• **TASK OBJECTIVE**: Beginning with the line that contains "(intro span_minimal) auto", output each line below exactly through the last one, both included, and nothing else.

Collected data entries
★ ★ ★ ★ ★

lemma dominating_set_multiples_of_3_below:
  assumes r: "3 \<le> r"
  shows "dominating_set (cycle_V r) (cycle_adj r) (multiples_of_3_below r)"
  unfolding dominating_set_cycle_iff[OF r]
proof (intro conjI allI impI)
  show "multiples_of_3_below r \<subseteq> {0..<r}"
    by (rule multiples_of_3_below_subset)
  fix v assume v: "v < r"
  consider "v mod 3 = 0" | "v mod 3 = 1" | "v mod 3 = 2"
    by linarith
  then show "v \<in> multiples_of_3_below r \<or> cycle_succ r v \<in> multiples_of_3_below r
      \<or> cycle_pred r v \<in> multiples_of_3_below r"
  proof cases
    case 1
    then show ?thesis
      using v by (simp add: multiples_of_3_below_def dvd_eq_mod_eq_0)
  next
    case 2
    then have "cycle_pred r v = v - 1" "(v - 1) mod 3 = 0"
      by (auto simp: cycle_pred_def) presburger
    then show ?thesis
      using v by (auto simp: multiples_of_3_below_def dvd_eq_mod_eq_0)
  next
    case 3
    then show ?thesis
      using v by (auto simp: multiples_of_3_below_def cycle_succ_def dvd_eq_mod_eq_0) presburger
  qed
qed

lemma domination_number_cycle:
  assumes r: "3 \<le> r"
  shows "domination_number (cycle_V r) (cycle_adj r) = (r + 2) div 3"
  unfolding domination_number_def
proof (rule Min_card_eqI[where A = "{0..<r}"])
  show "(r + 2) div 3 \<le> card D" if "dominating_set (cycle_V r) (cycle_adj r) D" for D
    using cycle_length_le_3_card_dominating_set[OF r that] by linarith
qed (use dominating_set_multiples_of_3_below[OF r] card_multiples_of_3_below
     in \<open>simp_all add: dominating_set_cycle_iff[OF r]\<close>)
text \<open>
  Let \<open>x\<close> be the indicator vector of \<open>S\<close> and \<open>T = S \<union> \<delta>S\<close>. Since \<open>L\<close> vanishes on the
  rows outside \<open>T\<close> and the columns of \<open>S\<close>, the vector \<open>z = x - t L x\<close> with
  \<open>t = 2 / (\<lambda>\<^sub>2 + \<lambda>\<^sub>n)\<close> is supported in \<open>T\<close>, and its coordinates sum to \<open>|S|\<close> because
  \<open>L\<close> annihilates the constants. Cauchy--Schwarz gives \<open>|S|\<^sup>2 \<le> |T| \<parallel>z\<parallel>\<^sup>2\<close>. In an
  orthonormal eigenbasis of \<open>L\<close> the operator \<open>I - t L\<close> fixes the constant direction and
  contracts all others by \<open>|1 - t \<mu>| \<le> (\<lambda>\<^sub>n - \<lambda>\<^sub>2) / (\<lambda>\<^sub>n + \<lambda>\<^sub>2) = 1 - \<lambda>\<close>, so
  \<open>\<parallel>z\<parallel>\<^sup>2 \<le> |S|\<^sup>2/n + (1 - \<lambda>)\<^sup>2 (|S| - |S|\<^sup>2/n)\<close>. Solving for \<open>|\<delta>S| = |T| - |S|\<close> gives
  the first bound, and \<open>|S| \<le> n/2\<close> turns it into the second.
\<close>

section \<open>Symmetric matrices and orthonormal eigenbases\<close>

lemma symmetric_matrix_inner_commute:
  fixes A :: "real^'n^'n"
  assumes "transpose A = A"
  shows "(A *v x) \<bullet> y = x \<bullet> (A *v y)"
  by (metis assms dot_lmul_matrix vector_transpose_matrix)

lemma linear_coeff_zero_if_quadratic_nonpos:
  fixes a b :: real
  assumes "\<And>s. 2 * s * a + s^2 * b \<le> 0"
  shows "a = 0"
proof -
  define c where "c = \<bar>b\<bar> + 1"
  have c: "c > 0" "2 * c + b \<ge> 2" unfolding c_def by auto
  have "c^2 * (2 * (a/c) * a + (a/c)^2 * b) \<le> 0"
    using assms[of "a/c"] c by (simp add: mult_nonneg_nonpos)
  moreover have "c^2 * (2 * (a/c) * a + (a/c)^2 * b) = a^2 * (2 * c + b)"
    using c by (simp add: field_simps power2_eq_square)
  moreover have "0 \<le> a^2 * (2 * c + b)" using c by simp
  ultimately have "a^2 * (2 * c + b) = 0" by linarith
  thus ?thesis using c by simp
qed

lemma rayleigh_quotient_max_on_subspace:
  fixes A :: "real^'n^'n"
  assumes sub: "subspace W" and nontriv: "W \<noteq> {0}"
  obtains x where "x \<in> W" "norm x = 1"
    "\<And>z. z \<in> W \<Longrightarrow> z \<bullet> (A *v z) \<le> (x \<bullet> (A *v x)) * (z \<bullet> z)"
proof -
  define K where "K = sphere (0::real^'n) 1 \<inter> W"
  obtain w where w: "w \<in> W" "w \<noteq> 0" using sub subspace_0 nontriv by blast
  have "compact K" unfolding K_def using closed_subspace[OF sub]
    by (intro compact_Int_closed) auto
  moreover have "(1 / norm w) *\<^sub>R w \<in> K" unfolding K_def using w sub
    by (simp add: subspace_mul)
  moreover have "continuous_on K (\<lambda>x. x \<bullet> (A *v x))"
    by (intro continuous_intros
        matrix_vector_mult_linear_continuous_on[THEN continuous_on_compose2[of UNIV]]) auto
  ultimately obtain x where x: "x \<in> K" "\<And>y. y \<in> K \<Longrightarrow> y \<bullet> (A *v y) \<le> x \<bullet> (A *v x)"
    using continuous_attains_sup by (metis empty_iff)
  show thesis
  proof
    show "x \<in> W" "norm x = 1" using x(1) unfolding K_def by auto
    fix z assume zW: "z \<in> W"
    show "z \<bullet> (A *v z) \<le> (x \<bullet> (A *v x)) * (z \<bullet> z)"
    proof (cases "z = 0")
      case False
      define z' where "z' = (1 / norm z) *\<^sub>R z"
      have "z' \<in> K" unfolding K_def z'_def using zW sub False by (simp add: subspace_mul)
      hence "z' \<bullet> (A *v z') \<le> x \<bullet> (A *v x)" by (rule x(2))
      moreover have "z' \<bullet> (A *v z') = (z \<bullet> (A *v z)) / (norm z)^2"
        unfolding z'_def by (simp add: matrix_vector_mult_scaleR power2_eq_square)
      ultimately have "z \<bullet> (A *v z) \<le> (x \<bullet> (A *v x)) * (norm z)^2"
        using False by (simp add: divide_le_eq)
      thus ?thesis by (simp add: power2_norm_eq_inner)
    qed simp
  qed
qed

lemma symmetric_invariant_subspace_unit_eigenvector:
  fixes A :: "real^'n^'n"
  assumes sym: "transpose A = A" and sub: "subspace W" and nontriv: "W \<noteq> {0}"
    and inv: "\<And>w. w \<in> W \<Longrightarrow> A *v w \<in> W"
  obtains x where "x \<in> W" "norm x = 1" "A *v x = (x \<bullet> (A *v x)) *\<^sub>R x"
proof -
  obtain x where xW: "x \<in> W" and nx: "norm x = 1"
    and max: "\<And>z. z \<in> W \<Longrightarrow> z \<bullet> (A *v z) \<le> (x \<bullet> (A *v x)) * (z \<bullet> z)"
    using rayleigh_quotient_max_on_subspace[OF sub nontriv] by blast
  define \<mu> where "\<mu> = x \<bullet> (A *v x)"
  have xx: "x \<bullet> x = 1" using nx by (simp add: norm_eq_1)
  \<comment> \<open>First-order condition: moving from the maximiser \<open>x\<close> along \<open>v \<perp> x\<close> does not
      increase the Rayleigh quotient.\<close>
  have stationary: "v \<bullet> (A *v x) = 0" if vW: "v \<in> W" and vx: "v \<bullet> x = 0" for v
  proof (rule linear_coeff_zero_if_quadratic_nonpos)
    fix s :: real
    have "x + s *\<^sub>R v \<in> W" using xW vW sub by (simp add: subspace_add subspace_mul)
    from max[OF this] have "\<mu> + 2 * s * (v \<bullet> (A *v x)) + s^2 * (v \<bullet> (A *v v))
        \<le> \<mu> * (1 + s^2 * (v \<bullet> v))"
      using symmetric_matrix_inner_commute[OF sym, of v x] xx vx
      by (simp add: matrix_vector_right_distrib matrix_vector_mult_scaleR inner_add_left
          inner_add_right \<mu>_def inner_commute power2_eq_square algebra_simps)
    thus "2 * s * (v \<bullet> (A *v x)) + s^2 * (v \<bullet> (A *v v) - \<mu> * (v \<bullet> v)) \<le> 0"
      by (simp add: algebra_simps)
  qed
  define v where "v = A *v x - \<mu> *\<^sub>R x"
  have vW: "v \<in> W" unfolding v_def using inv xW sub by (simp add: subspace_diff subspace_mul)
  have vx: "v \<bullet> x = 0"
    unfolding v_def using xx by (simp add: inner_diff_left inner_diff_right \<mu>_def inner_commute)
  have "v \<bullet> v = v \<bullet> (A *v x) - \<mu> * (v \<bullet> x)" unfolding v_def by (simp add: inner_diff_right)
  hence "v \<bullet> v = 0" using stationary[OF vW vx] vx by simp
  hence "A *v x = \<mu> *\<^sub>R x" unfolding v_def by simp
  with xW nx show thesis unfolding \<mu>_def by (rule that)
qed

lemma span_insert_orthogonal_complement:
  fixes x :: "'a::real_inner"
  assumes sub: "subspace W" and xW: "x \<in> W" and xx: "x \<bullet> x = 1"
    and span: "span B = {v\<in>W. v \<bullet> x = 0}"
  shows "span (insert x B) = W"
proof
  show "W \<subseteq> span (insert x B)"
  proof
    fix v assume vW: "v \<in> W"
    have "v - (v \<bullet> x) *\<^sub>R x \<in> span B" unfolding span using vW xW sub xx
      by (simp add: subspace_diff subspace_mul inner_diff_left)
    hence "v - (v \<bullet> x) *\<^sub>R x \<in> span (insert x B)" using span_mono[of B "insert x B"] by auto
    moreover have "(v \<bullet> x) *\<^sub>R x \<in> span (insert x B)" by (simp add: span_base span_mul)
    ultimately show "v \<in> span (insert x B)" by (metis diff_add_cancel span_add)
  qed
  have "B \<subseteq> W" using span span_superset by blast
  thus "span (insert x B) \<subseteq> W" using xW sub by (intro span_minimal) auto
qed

★ ★ ★ ★ ★

• **TASK OUTPUT**:
  thus "span (insert x B) \<subseteq> W" using xW sub by (intro span_minimal) auto
qed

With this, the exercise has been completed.